It’s clear The New York Times is selectively concerned about jail conditions for politically controversial inmates and defendants -- depending on whether they are pro- or anti-Donald Trump.
In one corner, we have Benjamin Weiser’s sympathetic, wholly credulous story about disgraced anti-Trump lawyer and former liberal media darling, “Once a Trump Foil, Michael Avenatti Says Jail Treatment Was Payback,” made Friday’s edition.
Avenatti was tried and convicted for trying to extort Nike out of $25 million. Jailed in January 2020 and released in April 2020 at the height of the first wave of the Covid pandemic, he's presently under home confinement.
Now the litigation-happy lawyer is (shocker!) filing a lawsuit, this time against the federal government, in which he accuses the government of political persecution for his spending 94 days in solitary confinement, mistreatment allegedly purveyed by former Attorney General Bill Barr.
Yet this same newspaper contemptuously downplayed claims of appalling jail conditions at the D.C. jail, when they emanated from pro-Trump “January 6” defendants, even playing the race card to denigrate the charges. Yet The Times found a convicted liar and anti-Trump partisan hack credible:
Michael Avenatti, who rose to prominence as the lawyer representing a pornographic film actress in lawsuits against former President Donald J. Trump and was later convicted of trying to extort Nike, is seeking millions of dollars in compensation for harsh jail conditions that he says were retaliation for his outspoken criticism of Mr. Trump.
(....)
“They treated him very differently than anybody else in prison,” one of his lawyers, Zachary Margulis-Ohnuma, said on Thursday. “Once they had him in custody, they held him in a unit for violent criminals and terrorists.”
This was Avenatti’s most interesting claim.
When he asked for reading material, he said in his claim, he was initially refused and was then provided one book: “Trump: The Art of the Deal.”….According to Mr. Avenatti’s claim, “The employee explained that the orders came from the attorney general” -- William P. Barr at the time.
Barr called the claim “ridiculous.”
That’s certainly not the tone the paper took with the defendants taken into custody after the Capitol Hill riots.

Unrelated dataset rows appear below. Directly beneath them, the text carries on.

(* Let $\mathcal{N}$ be the class of matroids having no minor isomorphic to $\mathsf{U}_{1,1}\oplus\mathsf{U}_{1,3}$ nor to $\mathsf{U}_{0,1}\oplus\mathsf{U}_{2,3}$, and let $\mathsf{M}\in\mathcal{N}$ be a matroid on $n$ elements. Then either (i) $\mathsf{M}$ is connected and sparse paving, or (ii) $\mathsf{M}$ is disconnected and isomorphic to one of the following: $\mathsf{U}_{0,n-k-\ell}\oplus(\mathsf{U}_{1,2})^{\oplus\ell}\oplus\mathsf{U}_{k-\ell,k-\ell}$ for some $0\le k\le n$ and $0\le\ell\le\min\{k,n-k\}$; $\mathsf{U}_{0,n-\ell}\oplus\mathsf{U}_{1,\ell}$ for some $3\le\ell\le n-1$; or $\mathsf{U}_{\ell-1,\ell}\oplus\mathsf{U}_{n-\ell,n-\ell}$ for some $3\le\ell\le n-1$.
   Context: $\mathsf{U}_{r,m}$ is the uniform matroid of rank $r$ on $m$ elements. A matroid is sparse paving if it has no minor isomorphic to $\mathsf{U}_{0,1}\oplus\mathsf{U}_{2,2}$ or $\mathsf{U}_{0,2}\oplus\mathsf{U}_{1,1}$. *)

theory Defs
  imports Main
begin

type_synonym 'a matroid = "'a set \<times> ('a set \<Rightarrow> bool)"

definition ground :: "'a matroid \<Rightarrow> 'a set" where
  "ground M = fst M"

definition indep :: "'a matroid \<Rightarrow> 'a set \<Rightarrow> bool" where
  "indep M = snd M"

definition matroid :: "'a matroid \<Rightarrow> bool" where
  "matroid M \<longleftrightarrow>
     finite (ground M) \<and>
     indep M {} \<and>
     (\<forall>I. indep M I \<longrightarrow> I \<subseteq> ground M) \<and>
     (\<forall>I J. indep M J \<and> I \<subseteq> J \<longrightarrow> indep M I) \<and>
     (\<forall>I J. indep M I \<and> indep M J \<and> card I < card J \<longrightarrow>
        (\<exists>x \<in> J - I. indep M (insert x I)))"

definition rank :: "'a matroid \<Rightarrow> 'a set \<Rightarrow> nat" where
  "rank M X = Max (card ` {I. I \<subseteq> X \<and> indep M I})"

text \<open>The minor (M / C) \ D, where the remaining ground set is E' = E - C - D.\<close>
definition minor_of :: "'a matroid \<Rightarrow> 'a set \<Rightarrow> 'a set \<Rightarrow> 'a matroid" where
  "minor_of M C E' = (E', \<lambda>I. I \<subseteq> E' \<and> rank M (I \<union> C) = card I + rank M C)"

definition is_minor :: "'a matroid \<Rightarrow> 'a matroid \<Rightarrow> bool" where
  "is_minor N M \<longleftrightarrow> (\<exists>C E'. C \<subseteq> ground M \<and> E' \<subseteq> ground M - C \<and> N = minor_of M C E')"

definition iso :: "'a matroid \<Rightarrow> 'b matroid \<Rightarrow> bool" where
  "iso M N \<longleftrightarrow> (\<exists>f. bij_betw f (ground M) (ground N) \<and>
      (\<forall>I \<subseteq> ground M. indep M I \<longleftrightarrow> indep N (f ` I)))"

definition has_minor_iso :: "'a matroid \<Rightarrow> 'b matroid \<Rightarrow> bool" where
  "has_minor_iso M N \<longleftrightarrow> (\<exists>M'. is_minor M' M \<and> iso M' N)"

definition U :: "nat \<Rightarrow> nat \<Rightarrow> nat matroid" where
  "U r m = ({0..<m}, \<lambda>I. I \<subseteq> {0..<m} \<and> card I \<le> r)"

definition dsum :: "'a matroid list \<Rightarrow> (nat \<times> 'a) matroid" where
  "dsum Ms = ((\<Union>i<length Ms. {i} \<times> ground (Ms ! i)),
     \<lambda>I. I \<subseteq> (\<Union>i<length Ms. {i} \<times> ground (Ms ! i)) \<and>
         (\<forall>i<length Ms. indep (Ms ! i) {x. (i, x) \<in> I}))"

definition circuit :: "'a matroid \<Rightarrow> 'a set \<Rightarrow> bool" where
  "circuit M C \<longleftrightarrow> C \<subseteq> ground M \<and> \<not> indep M C \<and> (\<forall>D. D \<subset> C \<longrightarrow> indep M D)"

definition connected :: "'a matroid \<Rightarrow> bool" where
  "connected M \<longleftrightarrow> (\<forall>x \<in> ground M. \<forall>y \<in> ground M. x \<noteq> y \<longrightarrow>
      (\<exists>C. circuit M C \<and> x \<in> C \<and> y \<in> C))"

definition sparse_paving :: "'a matroid \<Rightarrow> bool" where
  "sparse_paving M \<longleftrightarrow> \<not> has_minor_iso M (dsum [U 0 1, U 2 2]) \<and>
                        \<not> has_minor_iso M (dsum [U 0 2, U 1 1])"

end

theory Submission
  imports Defs
begin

Here was a November 2021 story by Alan Feuer that felt distinctly unsympathetic:
For several months, a few dozen men being held without bail in connection with the Jan. 6 attack on the Capitol have loudly and repeatedly complained about conditions at the District of Columbia jail.
Some, through their lawyers, have raised concerns about threats from guards, standing sewage, and scant food and water....
None of these allegations of neglect came as a surprise to local Washington officials, many of whom have complained about conditions at the jail for years. Still, at a public hearing this week, some expressed frustration that, despite longstanding problems at the jail, it took the arrival of a small group of out-of-town -- and largely white -- defendants to finally get anyone to care.
(Incidentally, Michael Avenatti is also white.)
Feuer's strikingly petulant take on prison reform concluded with more racial pot-stirring:
Patrice Sulton, the executive director of the DC Justice Lab, an organization that advocates criminal justice reform, said she was particularly frustrated that it took complaints from the recently arrived Jan. 6 defendants, most of whom are white, to get the authorities to focus on the plight of detainees at the jail, almost all of whom are Black.
“It just doesn’t sit well,” Ms. Sulton said.